THE PROBLEM:
Copy every line of the records that includes the word "blast".

RECORDS FOR THE EXERCISE:
————————

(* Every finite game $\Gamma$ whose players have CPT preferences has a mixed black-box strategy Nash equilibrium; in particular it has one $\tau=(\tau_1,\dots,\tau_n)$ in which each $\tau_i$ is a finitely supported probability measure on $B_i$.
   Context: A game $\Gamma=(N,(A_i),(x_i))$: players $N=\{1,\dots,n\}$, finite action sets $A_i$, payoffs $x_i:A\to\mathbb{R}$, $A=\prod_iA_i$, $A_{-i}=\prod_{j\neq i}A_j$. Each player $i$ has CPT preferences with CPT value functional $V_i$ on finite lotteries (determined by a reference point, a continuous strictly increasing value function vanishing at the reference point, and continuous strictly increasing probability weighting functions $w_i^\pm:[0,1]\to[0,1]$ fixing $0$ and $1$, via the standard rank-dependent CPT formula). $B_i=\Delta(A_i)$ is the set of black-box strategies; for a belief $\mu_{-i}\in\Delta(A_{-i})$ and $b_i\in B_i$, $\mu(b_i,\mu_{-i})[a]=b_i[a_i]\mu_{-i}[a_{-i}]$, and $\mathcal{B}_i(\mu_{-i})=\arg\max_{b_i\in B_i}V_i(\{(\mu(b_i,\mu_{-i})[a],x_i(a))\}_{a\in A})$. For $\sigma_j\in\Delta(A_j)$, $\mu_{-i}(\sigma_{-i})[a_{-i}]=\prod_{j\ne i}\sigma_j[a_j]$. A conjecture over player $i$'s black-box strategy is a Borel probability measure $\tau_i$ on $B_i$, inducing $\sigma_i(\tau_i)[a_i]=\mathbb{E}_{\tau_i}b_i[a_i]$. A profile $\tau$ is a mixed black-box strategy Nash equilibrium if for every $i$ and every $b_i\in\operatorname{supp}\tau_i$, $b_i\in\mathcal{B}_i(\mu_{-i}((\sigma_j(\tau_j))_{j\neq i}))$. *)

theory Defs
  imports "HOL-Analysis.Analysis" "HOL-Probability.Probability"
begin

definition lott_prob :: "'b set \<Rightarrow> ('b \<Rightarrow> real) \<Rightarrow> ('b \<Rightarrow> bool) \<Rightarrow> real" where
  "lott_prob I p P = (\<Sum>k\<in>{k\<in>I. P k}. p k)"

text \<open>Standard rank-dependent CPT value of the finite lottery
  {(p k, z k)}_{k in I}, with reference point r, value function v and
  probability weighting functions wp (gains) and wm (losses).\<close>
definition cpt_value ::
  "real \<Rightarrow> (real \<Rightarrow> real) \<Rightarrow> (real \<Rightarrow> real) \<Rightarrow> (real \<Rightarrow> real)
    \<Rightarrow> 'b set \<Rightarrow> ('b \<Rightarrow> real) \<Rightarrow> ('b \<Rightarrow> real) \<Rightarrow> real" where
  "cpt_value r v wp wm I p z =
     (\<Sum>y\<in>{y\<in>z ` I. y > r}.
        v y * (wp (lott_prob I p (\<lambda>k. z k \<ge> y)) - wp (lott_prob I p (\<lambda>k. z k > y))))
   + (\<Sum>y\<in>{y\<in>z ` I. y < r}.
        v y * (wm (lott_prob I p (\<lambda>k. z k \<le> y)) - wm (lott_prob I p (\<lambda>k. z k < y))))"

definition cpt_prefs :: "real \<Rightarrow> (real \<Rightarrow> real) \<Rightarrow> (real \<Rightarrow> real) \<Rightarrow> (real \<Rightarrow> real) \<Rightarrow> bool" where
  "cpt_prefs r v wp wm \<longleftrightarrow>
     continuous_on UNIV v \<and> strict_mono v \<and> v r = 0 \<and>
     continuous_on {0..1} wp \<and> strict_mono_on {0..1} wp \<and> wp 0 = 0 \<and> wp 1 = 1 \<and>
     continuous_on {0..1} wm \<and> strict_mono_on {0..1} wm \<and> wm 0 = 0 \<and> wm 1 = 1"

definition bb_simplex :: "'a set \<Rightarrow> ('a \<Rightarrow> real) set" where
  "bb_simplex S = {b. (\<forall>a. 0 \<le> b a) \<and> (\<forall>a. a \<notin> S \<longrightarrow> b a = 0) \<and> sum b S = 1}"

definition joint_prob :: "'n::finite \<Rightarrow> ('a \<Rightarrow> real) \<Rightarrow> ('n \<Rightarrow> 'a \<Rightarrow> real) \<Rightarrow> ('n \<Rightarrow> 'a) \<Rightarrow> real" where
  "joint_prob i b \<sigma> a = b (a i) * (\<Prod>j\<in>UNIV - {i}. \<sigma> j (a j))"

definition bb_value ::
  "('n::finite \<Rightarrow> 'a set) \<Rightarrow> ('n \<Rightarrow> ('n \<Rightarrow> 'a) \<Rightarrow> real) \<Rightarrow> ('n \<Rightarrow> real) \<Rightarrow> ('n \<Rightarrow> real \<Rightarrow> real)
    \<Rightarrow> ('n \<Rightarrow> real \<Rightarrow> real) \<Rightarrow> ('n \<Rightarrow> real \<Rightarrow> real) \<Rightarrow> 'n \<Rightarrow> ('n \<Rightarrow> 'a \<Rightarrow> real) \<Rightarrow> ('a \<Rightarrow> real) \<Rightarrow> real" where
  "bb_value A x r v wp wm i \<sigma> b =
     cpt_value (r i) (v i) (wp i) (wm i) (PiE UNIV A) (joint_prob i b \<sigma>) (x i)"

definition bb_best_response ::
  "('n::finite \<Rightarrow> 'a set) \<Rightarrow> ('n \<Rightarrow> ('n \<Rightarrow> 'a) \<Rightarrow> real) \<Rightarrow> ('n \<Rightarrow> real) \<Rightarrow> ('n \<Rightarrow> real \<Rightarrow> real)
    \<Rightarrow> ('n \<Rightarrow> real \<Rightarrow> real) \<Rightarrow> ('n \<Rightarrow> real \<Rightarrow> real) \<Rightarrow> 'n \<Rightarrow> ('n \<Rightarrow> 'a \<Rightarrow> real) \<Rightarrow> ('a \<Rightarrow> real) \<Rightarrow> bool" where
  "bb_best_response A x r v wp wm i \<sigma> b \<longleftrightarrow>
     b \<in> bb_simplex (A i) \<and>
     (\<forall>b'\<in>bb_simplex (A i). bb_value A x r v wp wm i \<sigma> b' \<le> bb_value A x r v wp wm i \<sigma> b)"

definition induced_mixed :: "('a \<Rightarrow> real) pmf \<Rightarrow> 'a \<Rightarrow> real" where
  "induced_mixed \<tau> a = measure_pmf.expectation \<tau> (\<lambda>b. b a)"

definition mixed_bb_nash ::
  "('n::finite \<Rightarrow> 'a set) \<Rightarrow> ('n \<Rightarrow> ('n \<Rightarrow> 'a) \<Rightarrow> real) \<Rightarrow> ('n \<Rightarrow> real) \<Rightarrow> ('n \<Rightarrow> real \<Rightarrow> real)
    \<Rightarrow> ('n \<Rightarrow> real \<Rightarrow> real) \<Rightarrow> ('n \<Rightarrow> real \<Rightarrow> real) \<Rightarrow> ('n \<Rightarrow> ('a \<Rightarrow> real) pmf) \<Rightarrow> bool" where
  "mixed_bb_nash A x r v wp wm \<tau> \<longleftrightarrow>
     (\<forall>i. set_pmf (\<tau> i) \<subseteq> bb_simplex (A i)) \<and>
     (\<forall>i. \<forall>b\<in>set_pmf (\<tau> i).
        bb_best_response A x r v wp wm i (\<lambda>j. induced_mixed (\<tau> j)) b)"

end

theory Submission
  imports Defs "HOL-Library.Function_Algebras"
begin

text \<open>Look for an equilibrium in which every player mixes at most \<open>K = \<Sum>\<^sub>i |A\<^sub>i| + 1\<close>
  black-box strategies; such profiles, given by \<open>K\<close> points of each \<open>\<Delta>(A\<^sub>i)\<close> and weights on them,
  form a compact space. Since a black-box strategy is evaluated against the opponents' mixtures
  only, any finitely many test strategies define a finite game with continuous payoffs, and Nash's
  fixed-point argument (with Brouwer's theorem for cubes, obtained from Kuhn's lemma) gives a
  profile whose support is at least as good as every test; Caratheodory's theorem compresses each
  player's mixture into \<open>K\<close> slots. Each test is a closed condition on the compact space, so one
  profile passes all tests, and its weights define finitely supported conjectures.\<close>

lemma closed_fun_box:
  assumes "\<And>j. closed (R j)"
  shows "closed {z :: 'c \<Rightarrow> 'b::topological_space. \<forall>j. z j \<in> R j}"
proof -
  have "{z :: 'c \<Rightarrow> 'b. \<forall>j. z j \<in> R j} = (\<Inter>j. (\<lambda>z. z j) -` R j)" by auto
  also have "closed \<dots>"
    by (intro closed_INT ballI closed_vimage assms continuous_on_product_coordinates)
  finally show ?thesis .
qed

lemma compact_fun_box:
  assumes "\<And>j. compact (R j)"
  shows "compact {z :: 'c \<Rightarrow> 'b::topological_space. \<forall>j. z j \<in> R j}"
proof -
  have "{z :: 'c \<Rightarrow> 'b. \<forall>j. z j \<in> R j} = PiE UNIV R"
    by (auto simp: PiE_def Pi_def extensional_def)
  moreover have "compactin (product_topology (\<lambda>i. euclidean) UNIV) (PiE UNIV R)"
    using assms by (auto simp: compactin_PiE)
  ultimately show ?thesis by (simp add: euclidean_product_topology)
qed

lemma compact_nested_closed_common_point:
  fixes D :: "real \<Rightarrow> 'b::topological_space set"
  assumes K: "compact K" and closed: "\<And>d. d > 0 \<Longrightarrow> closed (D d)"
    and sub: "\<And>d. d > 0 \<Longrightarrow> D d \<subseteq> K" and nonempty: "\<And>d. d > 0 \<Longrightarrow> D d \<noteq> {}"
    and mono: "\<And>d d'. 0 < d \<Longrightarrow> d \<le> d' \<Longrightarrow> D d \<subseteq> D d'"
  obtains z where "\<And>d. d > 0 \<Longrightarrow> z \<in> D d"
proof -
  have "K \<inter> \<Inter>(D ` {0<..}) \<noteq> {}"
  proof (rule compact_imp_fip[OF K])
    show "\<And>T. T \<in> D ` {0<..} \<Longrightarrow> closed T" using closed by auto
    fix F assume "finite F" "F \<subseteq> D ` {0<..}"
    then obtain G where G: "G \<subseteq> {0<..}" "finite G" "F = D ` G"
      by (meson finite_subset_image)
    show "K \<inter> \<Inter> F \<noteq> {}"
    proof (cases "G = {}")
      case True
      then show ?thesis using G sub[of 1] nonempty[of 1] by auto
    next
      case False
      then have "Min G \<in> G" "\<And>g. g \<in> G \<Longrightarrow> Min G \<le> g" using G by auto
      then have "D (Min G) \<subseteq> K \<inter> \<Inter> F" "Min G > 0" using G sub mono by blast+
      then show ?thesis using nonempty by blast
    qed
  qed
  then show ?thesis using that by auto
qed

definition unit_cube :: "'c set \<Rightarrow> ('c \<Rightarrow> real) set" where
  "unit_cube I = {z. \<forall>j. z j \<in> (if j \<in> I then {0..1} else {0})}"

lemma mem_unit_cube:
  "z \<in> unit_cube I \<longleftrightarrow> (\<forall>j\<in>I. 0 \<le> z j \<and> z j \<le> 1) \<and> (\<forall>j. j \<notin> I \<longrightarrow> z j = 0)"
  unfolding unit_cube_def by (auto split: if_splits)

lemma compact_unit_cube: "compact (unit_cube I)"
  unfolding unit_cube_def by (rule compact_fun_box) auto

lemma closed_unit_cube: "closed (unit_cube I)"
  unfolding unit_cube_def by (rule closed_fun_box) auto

————————

YOUR SOLUTION:
      then have "D (Min G) \<subseteq> K \<inter> \<Inter> F" "Min G > 0" using G sub mono by blast+
      then show ?thesis using nonempty by blast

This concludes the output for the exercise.